[RECORDS SHOWN Boundary: Start]

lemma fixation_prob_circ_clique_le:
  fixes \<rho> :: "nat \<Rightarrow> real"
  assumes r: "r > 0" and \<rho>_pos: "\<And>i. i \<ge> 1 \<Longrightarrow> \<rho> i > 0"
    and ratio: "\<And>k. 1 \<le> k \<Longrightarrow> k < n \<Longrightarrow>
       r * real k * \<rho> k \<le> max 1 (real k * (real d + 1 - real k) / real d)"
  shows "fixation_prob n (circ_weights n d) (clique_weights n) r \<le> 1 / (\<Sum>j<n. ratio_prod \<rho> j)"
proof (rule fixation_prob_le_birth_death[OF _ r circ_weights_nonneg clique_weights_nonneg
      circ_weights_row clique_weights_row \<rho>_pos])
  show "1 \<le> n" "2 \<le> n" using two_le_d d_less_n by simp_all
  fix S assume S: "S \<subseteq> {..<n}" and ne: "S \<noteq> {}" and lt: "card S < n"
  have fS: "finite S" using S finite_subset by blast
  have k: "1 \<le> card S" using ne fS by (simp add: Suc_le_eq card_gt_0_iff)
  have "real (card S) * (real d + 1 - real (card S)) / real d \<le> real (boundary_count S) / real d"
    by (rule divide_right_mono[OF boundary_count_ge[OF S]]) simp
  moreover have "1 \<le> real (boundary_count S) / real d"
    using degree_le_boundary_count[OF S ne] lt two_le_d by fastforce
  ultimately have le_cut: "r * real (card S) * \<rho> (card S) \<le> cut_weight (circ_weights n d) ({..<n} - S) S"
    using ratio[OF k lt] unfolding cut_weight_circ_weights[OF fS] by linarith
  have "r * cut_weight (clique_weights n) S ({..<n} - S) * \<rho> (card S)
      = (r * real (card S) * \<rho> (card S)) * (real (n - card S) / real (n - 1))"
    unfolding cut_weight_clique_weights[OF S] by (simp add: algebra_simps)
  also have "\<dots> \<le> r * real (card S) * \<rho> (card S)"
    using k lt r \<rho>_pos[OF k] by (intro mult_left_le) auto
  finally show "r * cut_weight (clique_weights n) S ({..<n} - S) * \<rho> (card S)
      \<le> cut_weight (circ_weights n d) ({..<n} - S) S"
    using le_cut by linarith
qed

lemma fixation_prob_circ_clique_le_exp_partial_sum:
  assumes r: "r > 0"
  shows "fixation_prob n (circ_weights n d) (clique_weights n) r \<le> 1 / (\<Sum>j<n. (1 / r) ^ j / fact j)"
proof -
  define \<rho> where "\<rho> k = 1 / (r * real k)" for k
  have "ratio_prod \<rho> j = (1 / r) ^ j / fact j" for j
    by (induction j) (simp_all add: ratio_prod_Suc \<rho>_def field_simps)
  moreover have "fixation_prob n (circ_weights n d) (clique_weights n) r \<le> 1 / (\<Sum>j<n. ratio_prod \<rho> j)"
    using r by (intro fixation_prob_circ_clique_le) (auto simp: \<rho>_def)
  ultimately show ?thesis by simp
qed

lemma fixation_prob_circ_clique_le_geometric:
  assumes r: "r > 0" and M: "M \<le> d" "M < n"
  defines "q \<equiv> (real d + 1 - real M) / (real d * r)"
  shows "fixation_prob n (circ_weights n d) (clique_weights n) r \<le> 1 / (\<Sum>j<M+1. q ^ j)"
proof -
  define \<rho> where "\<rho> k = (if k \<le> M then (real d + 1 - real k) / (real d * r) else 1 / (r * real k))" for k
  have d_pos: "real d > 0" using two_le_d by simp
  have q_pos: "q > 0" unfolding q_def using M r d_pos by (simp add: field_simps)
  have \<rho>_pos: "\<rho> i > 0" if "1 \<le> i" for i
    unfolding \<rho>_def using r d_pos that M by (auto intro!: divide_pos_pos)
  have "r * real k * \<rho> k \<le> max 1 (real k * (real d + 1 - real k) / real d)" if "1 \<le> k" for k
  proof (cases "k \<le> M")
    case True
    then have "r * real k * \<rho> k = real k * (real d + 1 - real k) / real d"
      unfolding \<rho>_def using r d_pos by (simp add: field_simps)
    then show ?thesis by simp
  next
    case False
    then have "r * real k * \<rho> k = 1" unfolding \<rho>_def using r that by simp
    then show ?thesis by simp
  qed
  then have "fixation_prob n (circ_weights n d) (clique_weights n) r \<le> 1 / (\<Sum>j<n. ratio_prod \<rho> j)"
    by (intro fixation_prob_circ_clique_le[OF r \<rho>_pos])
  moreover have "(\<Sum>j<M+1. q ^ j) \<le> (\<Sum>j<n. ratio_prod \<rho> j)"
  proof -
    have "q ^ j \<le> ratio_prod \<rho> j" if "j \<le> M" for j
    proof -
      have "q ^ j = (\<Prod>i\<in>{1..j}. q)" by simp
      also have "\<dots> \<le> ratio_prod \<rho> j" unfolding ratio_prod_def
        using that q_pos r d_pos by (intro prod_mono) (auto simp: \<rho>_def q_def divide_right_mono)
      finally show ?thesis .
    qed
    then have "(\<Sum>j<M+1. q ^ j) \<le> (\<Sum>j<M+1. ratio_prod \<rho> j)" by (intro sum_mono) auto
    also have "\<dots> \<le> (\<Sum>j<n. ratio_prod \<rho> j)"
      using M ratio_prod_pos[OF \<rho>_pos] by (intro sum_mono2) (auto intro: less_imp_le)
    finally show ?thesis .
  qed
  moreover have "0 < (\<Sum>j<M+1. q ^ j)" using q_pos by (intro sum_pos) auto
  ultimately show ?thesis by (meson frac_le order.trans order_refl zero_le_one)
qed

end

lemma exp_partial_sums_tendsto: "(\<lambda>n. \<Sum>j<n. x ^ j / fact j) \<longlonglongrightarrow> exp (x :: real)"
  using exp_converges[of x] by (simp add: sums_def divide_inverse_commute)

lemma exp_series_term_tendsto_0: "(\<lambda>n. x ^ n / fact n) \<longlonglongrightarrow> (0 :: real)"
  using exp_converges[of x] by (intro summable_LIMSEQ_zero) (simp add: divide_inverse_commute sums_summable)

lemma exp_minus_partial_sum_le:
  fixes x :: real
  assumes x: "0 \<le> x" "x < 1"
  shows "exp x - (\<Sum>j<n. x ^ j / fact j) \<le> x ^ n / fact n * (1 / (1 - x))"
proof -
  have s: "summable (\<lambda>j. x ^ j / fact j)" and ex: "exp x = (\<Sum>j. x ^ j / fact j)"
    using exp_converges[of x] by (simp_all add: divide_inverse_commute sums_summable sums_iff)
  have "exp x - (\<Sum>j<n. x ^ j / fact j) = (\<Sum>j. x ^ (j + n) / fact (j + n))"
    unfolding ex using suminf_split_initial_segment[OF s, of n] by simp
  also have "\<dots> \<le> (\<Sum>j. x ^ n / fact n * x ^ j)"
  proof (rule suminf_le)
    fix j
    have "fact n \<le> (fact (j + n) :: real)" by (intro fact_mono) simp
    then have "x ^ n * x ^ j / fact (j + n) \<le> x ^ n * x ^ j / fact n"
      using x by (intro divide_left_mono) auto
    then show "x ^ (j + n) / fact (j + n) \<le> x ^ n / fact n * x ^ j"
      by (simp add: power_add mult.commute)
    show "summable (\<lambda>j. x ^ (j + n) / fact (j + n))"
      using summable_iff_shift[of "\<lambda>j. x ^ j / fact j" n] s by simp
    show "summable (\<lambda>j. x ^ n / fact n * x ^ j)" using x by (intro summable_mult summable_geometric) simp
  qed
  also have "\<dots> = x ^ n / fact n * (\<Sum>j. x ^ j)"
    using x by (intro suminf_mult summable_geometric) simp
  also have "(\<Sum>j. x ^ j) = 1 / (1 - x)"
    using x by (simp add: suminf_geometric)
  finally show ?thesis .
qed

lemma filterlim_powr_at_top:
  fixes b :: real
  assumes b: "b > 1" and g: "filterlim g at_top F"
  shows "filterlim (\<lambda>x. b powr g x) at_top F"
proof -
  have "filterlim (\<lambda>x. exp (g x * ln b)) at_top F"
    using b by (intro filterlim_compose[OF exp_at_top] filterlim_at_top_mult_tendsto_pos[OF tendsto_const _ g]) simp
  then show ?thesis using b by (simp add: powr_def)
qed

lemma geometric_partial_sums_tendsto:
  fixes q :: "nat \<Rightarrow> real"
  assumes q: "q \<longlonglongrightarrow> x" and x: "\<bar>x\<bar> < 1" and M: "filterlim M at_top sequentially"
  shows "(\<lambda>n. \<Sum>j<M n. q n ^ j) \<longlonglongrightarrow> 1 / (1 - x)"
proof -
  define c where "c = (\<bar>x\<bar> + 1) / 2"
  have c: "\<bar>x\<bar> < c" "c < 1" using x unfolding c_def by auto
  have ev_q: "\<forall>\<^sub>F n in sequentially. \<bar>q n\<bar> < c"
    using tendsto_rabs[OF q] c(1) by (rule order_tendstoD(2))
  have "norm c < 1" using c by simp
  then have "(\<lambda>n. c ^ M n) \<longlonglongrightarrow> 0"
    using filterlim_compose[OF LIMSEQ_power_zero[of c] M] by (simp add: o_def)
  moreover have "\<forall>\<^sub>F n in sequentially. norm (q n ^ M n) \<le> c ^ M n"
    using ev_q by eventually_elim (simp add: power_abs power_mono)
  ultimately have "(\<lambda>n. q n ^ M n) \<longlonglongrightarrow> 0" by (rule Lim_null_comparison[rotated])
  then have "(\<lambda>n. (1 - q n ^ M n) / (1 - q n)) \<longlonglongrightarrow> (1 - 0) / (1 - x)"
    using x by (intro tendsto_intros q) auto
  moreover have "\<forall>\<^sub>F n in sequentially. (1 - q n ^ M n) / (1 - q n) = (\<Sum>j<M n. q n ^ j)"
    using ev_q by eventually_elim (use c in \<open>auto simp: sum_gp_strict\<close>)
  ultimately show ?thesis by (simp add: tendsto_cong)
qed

[RECORDS SHOWN Boundary: End]

WHAT IS REQUIRED
Reproducing the whole listing above is not the task. Copy exactly only the lines from the one with "ultimately show ?thesis by simp" to the one with "using that q_pos", both kept.

EXPECTED OUTPUT
  ultimately show ?thesis by simp
qed

lemma fixation_prob_circ_clique_le_geometric:
  assumes r: "r > 0" and M: "M \<le> d" "M < n"
  defines "q \<equiv> (real d + 1 - real M) / (real d * r)"
  shows "fixation_prob n (circ_weights n d) (clique_weights n) r \<le> 1 / (\<Sum>j<M+1. q ^ j)"
proof -
  define \<rho> where "\<rho> k = (if k \<le> M then (real d + 1 - real k) / (real d * r) else 1 / (r * real k))" for k
  have d_pos: "real d > 0" using two_le_d by simp
  have q_pos: "q > 0" unfolding q_def using M r d_pos by (simp add: field_simps)
  have \<rho>_pos: "\<rho> i > 0" if "1 \<le> i" for i
    unfolding \<rho>_def using r d_pos that M by (auto intro!: divide_pos_pos)
  have "r * real k * \<rho> k \<le> max 1 (real k * (real d + 1 - real k) / real d)" if "1 \<le> k" for k
  proof (cases "k \<le> M")
    case True
    then have "r * real k * \<rho> k = real k * (real d + 1 - real k) / real d"
      unfolding \<rho>_def using r d_pos by (simp add: field_simps)
    then show ?thesis by simp
  next
    case False
    then have "r * real k * \<rho> k = 1" unfolding \<rho>_def using r that by simp
    then show ?thesis by simp
  qed
  then have "fixation_prob n (circ_weights n d) (clique_weights n) r \<le> 1 / (\<Sum>j<n. ratio_prod \<rho> j)"
    by (intro fixation_prob_circ_clique_le[OF r \<rho>_pos])
  moreover have "(\<Sum>j<M+1. q ^ j) \<le> (\<Sum>j<n. ratio_prod \<rho> j)"
  proof -
    have "q ^ j \<le> ratio_prod \<rho> j" if "j \<le> M" for j
    proof -
      have "q ^ j = (\<Prod>i\<in>{1..j}. q)" by simp
      also have "\<dots> \<le> ratio_prod \<rho> j" unfolding ratio_prod_def
        using that q_pos r d_pos by (intro prod_mono) (auto simp: \<rho>_def q_def divide_right_mono)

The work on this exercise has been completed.